▶ **Input records**:
··········
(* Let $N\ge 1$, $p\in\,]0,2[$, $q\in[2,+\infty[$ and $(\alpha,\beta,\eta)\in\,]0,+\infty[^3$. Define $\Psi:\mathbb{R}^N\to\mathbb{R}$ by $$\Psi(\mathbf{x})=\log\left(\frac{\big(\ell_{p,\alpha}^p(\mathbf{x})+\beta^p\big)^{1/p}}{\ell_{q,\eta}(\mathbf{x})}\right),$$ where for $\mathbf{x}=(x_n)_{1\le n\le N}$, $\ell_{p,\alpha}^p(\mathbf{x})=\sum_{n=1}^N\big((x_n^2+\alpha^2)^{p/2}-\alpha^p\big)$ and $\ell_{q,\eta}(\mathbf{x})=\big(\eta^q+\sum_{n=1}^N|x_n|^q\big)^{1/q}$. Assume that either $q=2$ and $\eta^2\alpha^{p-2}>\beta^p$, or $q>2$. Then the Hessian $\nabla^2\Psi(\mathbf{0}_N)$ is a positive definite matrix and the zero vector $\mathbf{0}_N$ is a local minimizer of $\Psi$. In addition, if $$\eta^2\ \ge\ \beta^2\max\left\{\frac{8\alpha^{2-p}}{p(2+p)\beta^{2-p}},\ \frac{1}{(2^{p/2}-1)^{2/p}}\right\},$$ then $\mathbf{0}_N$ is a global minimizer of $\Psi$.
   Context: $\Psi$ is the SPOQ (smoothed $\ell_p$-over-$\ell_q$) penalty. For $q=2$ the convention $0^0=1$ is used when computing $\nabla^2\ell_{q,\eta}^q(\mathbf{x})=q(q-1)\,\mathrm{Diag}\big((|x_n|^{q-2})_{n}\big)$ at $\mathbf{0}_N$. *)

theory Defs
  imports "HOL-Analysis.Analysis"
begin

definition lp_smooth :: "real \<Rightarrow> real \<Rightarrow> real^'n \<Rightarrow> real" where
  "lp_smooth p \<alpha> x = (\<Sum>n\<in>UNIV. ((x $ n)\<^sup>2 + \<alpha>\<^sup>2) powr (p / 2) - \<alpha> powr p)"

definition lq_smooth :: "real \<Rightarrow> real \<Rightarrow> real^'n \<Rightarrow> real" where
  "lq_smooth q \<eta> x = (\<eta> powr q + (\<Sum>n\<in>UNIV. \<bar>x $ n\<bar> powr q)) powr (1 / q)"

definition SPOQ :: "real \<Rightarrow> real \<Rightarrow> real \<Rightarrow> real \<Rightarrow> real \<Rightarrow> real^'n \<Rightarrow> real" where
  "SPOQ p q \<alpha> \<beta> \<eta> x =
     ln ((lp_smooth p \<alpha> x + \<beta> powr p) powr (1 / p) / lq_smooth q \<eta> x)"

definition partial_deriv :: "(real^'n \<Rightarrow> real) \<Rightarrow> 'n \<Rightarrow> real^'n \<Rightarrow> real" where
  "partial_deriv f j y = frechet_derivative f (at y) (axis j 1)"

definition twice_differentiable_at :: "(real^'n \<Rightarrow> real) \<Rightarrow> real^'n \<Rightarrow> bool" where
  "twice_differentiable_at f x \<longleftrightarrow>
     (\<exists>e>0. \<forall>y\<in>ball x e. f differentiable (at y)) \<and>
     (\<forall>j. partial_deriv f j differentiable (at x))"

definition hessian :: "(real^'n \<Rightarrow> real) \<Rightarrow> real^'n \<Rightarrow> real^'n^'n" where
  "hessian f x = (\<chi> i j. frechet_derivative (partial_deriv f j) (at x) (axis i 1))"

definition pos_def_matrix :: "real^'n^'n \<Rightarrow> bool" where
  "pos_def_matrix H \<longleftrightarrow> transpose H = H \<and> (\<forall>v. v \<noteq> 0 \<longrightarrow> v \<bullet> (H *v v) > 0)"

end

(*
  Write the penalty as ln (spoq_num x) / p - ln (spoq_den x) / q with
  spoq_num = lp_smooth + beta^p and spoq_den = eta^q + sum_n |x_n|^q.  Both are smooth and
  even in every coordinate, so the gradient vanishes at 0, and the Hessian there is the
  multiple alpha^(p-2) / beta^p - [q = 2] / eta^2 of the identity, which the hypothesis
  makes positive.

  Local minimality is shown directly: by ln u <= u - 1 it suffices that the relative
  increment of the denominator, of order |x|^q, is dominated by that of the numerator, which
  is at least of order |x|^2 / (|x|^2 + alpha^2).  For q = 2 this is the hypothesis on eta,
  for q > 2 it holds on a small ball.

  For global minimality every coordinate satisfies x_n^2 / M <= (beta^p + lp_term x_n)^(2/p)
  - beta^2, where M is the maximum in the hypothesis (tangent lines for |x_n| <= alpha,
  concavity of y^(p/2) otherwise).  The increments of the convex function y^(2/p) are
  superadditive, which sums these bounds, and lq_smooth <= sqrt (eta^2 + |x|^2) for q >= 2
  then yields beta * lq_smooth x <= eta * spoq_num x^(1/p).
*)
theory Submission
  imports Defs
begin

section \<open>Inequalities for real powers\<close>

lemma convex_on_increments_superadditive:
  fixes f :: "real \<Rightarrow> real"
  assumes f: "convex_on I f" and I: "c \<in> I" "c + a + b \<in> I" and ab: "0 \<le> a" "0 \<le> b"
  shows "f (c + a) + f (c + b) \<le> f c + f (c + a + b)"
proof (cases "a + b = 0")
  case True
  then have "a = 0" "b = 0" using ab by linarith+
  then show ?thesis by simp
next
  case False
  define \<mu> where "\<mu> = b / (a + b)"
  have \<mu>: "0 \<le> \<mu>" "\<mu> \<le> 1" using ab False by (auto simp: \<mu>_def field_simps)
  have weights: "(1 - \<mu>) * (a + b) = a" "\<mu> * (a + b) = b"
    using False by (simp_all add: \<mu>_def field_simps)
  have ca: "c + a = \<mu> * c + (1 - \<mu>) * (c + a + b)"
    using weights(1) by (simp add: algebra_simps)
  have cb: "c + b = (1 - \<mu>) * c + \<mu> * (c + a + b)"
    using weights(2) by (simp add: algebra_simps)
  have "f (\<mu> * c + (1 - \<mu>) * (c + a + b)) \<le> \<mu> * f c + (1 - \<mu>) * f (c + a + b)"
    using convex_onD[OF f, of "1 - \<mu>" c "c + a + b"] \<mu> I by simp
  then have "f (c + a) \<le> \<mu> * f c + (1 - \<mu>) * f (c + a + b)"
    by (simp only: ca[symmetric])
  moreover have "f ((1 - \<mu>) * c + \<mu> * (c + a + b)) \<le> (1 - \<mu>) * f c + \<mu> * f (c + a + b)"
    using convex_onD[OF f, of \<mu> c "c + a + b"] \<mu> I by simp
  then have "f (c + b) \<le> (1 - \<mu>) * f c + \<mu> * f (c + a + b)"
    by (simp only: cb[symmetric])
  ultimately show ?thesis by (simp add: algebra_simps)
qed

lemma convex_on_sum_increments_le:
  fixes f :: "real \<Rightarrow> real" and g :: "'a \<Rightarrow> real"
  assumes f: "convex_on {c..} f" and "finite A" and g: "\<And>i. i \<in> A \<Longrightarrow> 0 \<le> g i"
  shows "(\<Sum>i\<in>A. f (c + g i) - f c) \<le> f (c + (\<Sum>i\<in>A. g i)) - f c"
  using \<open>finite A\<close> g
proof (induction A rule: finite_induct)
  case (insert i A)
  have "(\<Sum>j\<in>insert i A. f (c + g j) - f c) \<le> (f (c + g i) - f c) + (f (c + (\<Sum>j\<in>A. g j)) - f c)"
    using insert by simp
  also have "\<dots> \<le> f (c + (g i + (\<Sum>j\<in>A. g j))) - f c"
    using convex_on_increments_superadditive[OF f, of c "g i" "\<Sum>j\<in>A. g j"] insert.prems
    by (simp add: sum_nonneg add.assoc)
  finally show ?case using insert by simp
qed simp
··········
▶ **Activity**: Check each line of the material for "nabla" and report how many have it. Add no other words.

▶ **Your response**: 2